_Problem to solve_.
Scan the entries and tally the lines that include the string "bool". Reply with the figure alone.

● ● ●

lemma Re_mtrace_mult_psd_le:
  assumes PA: "psd_mat d A" and PB: "psd_mat d B"
  shows "Re (mtrace (A * B)) \<le> Re (mtrace A) * Re (mtrace B)"
proof -
  have A: "A \<in> carrier_mat d d" and B: "B \<in> carrier_mat d d" using PA PB unfolding psd_mat_def by auto
  let ?p = "\<lambda>i. Re (A $$ (i, i))" and ?q = "\<lambda>i. Re (B $$ (i, i))"
  have "Re (mtrace (A * B)) = (\<Sum>i<d. \<Sum>k<d. Re (A $$ (i, k) * B $$ (k, i)))"
    by (simp add: mtrace_mult_sum[OF A B] Re_sum)
  also have "\<dots> \<le> (\<Sum>i<d. \<Sum>k<d. (?p i * ?q k + ?p k * ?q i) / 2)"
  proof (intro sum_mono)
    fix i k assume "i \<in> {..<d}" "k \<in> {..<d}"
    then have "cmod (A $$ (i, k)) * cmod (B $$ (k, i)) \<le> (?p i * ?q k + ?p k * ?q i) / 2"
      using psd_mat_entry_bound[OF PA, of i k] psd_mat_entry_bound[OF PB, of k i]
        psd_mat_diag_nonneg[OF PA] psd_mat_diag_nonneg[OF PB]
      by (intro mult_le_half_cross_sum) auto
    then show "Re (A $$ (i, k) * B $$ (k, i)) \<le> (?p i * ?q k + ?p k * ?q i) / 2"
      using complex_Re_le_cmod[of "A $$ (i, k) * B $$ (k, i)"] by (simp add: norm_mult)
  qed
  also have "\<dots> = ((\<Sum>i<d. \<Sum>k<d. ?p i * ?q k) + (\<Sum>k<d. \<Sum>i<d. ?p i * ?q k)) / 2"
    by (simp add: sum.distrib sum_divide_distrib add_divide_distrib)
  also have "\<dots> = (\<Sum>i<d. ?p i) * (\<Sum>k<d. ?q k)"
    unfolding sum.swap[of "\<lambda>k i. ?p i * ?q k"] by (simp add: sum_product)
  also have "\<dots> = Re (mtrace A) * Re (mtrace B)"
    by (simp add: Re_mtrace[OF A] Re_mtrace[OF B])
  finally show ?thesis .
qed
lemma self_reverse_kappa_equiv_colour_orientation:
  assumes "connected_graph V E" and "Or \<in> Acyc V E" and "(Or, Or\<inverse>) \<in> kappa_equiv V E"
    and "proper_colouring E b"
  shows "(Or, colour_orientation E b) \<in> kappa_equiv V E"
proof -
  obtain c where c: "height_function Or c"
    using self_reverse_height_function[OF Acyc_acyclic[OF assms(2)] assms(3)] ..
  obtain L where "\<forall>y\<in>V. L \<le> c y"
    using bdd_below_finite[OF finite_imageI[OF finite_vertices, of c]]
    unfolding bdd_below_def by blast
  then obtain Or' c' where Or': "(Or, Or') \<in> kappa_equiv V E" "Or' \<in> Acyc V E"
      "height_function Or' c'" "\<forall>y\<in>V. c' y = L \<or> c' y = L + 1"
    using descend_to_two_levels[OF assms(2) c] by blast
  let ?b = "\<lambda>u. c' u = L + 1"
  have proper: "proper_colouring E ?b" and Or'_eq: "Or' = colour_orientation E ?b"
    using two_levels_colour_orientation[OF Or'(2-4)] by blast+
  from connected_proper_colourings[OF assms(1) proper assms(4)]
  show ?thesis
  proof
    assume "\<forall>u\<in>V. ?b u \<longleftrightarrow> b u"
    then have "Or' = colour_orientation E b"
      unfolding Or'_eq by (intro colour_orientation_cong) blast
    with Or'(1) show ?thesis by simp
  next
    assume "\<forall>u\<in>V. ?b u \<longleftrightarrow> \<not> b u"
    then have "Or' = (colour_orientation E b)\<inverse>"
      unfolding Or'_eq converse_colour_orientation[OF assms(4)]
      by (intro colour_orientation_cong) blast
    with Or'(1) kappa_equiv_sym[OF colour_orientation_self_reverse[OF assms(4)]]
    show ?thesis
      using kappa_equiv_trans by metis
  qed
qed

lemma self_reverse_class_iff:
  "converse ` (kappa_equiv V E `` {Or}) = kappa_equiv V E `` {Or} \<longleftrightarrow> (Or, Or\<inverse>) \<in> kappa_equiv V E"
  unfolding kappa_class_converse kappa_class_eq_iff using kappa_equiv_sym by blast

lemma mem_self_reverse_classes:
  "C \<in> self_reverse_classes V E \<longleftrightarrow>
    (\<exists>Or \<in> Acyc V E. (Or, Or\<inverse>) \<in> kappa_equiv V E \<and> C = kappa_equiv V E `` {Or})"
proof -
  have "C \<in> self_reverse_classes V E \<longleftrightarrow>
      (\<exists>Or \<in> Acyc V E. C = kappa_equiv V E `` {Or}) \<and> converse ` C = C"
    unfolding self_reverse_classes_def quotient_eq_image by blast
  then show ?thesis
    using self_reverse_class_iff by blast
qed

lemma kappa_add_self_reverse_classes: "kappa V E + card (self_reverse_classes V E) = 2 * delta V E"
proof -
  let ?K = "Acyc V E // kappa_equiv V E"
  note K = quotient_eq_image[of "Acyc V E" "kappa_equiv V E"]
  have D: "Acyc V E // delta_equiv V E = (\<lambda>C. delta_equiv V E `` C) ` ?K"
    unfolding K quotient_eq_image image_image delta_image_kappa_class ..
  have "card ?K + card {C \<in> ?K. converse ` C = C} = 2 * card ((\<lambda>C. delta_equiv V E `` C) ` ?K)"
  proof (rule card_involution_fibres)
    show "finite ?K"
      unfolding K using finite_Acyc by simp
  next
    fix C
    assume "C \<in> ?K"
    then obtain Or where Or: "Or \<in> Acyc V E" and C: "C = kappa_equiv V E `` {Or}"
      unfolding K by blast
    show "converse ` C \<in> ?K"
      unfolding C kappa_class_converse K by (rule imageI[OF converse_Acyc[OF Or]])
  next
    fix C C'
    assume "C \<in> ?K" and "C' \<in> ?K"
    then obtain Or P where Or: "Or \<in> Acyc V E" "C = kappa_equiv V E `` {Or}"
      and P: "C' = kappa_equiv V E `` {P}"
      unfolding K by blast
    have "delta_equiv V E `` C = delta_equiv V E `` C' \<longleftrightarrow> (Or, P) \<in> delta_equiv V E"
      unfolding Or(2) P delta_image_kappa_class
      by (rule eq_equiv_class_iff[OF equiv_delta_equiv UNIV_I UNIV_I])
    also have "\<dots> \<longleftrightarrow> (Or, P) \<in> kappa_equiv V E \<or> (Or\<inverse>, P) \<in> kappa_equiv V E"
      by (rule delta_equiv_iff[OF Or(1)])
    also have "\<dots> \<longleftrightarrow> C' = C \<or> C' = converse ` C"
    proof -
      have "C' = C \<longleftrightarrow> (Or, P) \<in> kappa_equiv V E"
        unfolding Or(2) P kappa_class_eq_iff using kappa_equiv_sym by blast
      moreover have "C' = converse ` C \<longleftrightarrow> (Or\<inverse>, P) \<in> kappa_equiv V E"
        unfolding Or(2) P kappa_class_converse kappa_class_eq_iff using kappa_equiv_sym by blast
      ultimately show ?thesis by simp
    qed
    finally show "delta_equiv V E `` C = delta_equiv V E `` C' \<longleftrightarrow> C' = C \<or> C' = converse ` C" .
  qed
  then show ?thesis
    unfolding kappa_def delta_def self_reverse_classes_def D .
qed

lemma self_reverse_classes_non_bipartite:
  assumes "\<not> bipartite V E"
  shows "self_reverse_classes V E = {}"
proof -
  have False if Or: "Or \<in> Acyc V E" and self_reverse: "(Or, Or\<inverse>) \<in> kappa_equiv V E" for Or
  proof -
    obtain c where "height_function Or c"
      using self_reverse_height_function[OF Acyc_acyclic[OF Or] self_reverse] ..
    with bipartite_if_height_function[OF Or] assms show False by blast
  qed
  then show ?thesis
    using mem_self_reverse_classes by blast
qed

lemma card_self_reverse_classes_bipartite:
  assumes "bipartite V E" and "connected_graph V E"
  shows "card (self_reverse_classes V E) = 1"
proof -
  obtain b :: "'a \<Rightarrow> bool" where "\<forall>x\<in>V. \<forall>y\<in>V. E x y \<longrightarrow> b x \<noteq> b y"
    using assms(1) unfolding bipartite_def by blast
  then have b: "proper_colouring E b"
    using edge_vertices unfolding proper_colouring_def by blast
  let ?B = "colour_orientation E b"
  have "self_reverse_classes V E = {kappa_equiv V E `` {?B}}"
  proof (intro set_eqI iffI)
    fix C
    assume "C \<in> self_reverse_classes V E"
    then obtain Or where "Or \<in> Acyc V E" "(Or, Or\<inverse>) \<in> kappa_equiv V E"
      and "C = kappa_equiv V E `` {Or}"
      unfolding mem_self_reverse_classes by blast
    with self_reverse_kappa_equiv_colour_orientation[OF assms(2) _ _ b]
    show "C \<in> {kappa_equiv V E `` {?B}}"
      by (simp add: kappa_class_eq_iff)
  next
    fix C
    assume "C \<in> {kappa_equiv V E `` {?B}}"
    then show "C \<in> self_reverse_classes V E"
      using colour_orientation_Acyc[OF b] colour_orientation_self_reverse[OF b]
      unfolding mem_self_reverse_classes by blast
  qed
  then show ?thesis by simp
qed

end

theorem proposition3:
  fixes V :: "'a set" and E :: "'a \<Rightarrow> 'a \<Rightarrow> bool"
  assumes "simple_graph V E" and "connected_graph V E"
  shows "(\<not> bipartite V E \<longrightarrow> real (delta V E) = real (kappa V E) / 2)
       \<and> (bipartite V E \<longrightarrow> real (delta V E) = (real (kappa V E) + 1) / 2)"
proof -
  interpret finite_simple_graph V E
    by (rule finite_simple_graph.intro) (rule assms(1))
  have "real (kappa V E) + real (card (self_reverse_classes V E)) = 2 * real (delta V E)"
    using arg_cong[OF kappa_add_self_reverse_classes, of real] by simp
  then show ?thesis
    using self_reverse_classes_non_bipartite card_self_reverse_classes_bipartite[OF _ assms(2)]
    by auto
qed

end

● ● ●

_Response below_.
2